WHAT THE TASK ASKS -> Locate the lines of the listing below that hold "forall", then copy each of them.

##### ENTRIES SUPPLIED

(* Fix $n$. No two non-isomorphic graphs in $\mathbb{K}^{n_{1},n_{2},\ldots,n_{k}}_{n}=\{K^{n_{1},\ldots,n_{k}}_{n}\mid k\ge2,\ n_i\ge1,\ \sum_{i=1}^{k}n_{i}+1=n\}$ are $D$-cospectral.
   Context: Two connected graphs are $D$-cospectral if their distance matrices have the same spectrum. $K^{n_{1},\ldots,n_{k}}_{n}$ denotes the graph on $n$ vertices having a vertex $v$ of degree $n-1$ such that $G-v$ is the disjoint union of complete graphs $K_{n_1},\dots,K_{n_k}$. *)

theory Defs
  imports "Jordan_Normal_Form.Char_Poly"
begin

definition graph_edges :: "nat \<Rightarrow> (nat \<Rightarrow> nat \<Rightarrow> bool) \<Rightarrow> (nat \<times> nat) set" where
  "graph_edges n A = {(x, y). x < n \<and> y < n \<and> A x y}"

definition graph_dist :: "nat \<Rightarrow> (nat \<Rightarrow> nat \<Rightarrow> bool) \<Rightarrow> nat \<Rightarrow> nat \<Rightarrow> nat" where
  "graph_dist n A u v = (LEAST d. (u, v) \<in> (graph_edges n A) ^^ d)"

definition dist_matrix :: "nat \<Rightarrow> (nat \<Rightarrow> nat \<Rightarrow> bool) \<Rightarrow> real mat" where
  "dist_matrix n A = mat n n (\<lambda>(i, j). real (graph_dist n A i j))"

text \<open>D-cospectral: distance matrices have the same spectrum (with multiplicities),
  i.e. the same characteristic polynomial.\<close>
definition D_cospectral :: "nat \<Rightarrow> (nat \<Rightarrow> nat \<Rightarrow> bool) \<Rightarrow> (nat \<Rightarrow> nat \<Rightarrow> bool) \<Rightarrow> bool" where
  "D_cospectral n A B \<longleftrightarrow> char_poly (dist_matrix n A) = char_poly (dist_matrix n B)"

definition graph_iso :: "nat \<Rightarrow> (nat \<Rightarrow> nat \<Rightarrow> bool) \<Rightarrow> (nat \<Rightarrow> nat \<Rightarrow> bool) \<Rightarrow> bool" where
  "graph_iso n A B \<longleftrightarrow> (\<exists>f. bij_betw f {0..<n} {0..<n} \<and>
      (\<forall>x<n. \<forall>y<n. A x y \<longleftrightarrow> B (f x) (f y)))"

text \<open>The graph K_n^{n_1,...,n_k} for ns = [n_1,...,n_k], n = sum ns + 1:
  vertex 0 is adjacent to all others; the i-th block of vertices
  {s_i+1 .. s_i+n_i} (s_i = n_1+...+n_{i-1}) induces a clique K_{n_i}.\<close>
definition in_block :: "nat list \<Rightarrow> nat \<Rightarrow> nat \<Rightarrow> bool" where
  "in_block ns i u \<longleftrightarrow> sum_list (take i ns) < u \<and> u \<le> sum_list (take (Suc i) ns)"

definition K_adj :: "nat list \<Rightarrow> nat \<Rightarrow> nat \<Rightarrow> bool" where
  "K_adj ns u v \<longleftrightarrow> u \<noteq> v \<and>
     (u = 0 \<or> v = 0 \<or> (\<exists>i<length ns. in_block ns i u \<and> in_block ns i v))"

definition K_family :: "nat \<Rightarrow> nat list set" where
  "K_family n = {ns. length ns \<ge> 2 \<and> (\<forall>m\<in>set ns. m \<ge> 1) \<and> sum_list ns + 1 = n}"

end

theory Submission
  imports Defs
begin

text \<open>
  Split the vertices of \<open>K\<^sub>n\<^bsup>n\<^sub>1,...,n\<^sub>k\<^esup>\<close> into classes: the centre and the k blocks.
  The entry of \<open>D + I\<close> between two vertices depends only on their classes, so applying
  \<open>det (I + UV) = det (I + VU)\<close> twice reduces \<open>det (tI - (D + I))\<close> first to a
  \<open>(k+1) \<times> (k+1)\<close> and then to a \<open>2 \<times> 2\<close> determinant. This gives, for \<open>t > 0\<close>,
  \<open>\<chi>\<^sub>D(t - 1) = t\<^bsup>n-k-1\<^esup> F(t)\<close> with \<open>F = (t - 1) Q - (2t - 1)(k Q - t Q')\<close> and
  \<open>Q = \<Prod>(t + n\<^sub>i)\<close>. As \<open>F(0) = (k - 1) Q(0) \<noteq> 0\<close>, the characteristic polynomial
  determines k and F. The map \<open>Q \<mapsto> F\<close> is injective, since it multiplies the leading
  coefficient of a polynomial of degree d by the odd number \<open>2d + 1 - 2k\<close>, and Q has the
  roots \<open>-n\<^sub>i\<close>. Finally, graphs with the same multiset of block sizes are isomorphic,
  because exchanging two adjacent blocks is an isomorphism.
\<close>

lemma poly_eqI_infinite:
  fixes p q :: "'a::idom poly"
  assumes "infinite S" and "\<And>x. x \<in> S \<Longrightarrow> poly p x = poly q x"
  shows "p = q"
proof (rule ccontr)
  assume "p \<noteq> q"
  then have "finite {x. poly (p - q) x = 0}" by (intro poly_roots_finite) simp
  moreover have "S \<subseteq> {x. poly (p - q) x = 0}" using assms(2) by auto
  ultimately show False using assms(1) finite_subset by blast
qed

##########

WRITTEN ANSWER ->
      (\<forall>x<n. \<forall>y<n. A x y \<longleftrightarrow> B (f x) (f y)))"
  "K_family n = {ns. length ns \<ge> 2 \<and> (\<forall>m\<in>set ns. m \<ge> 1) \<and> sum_list ns + 1 = n}"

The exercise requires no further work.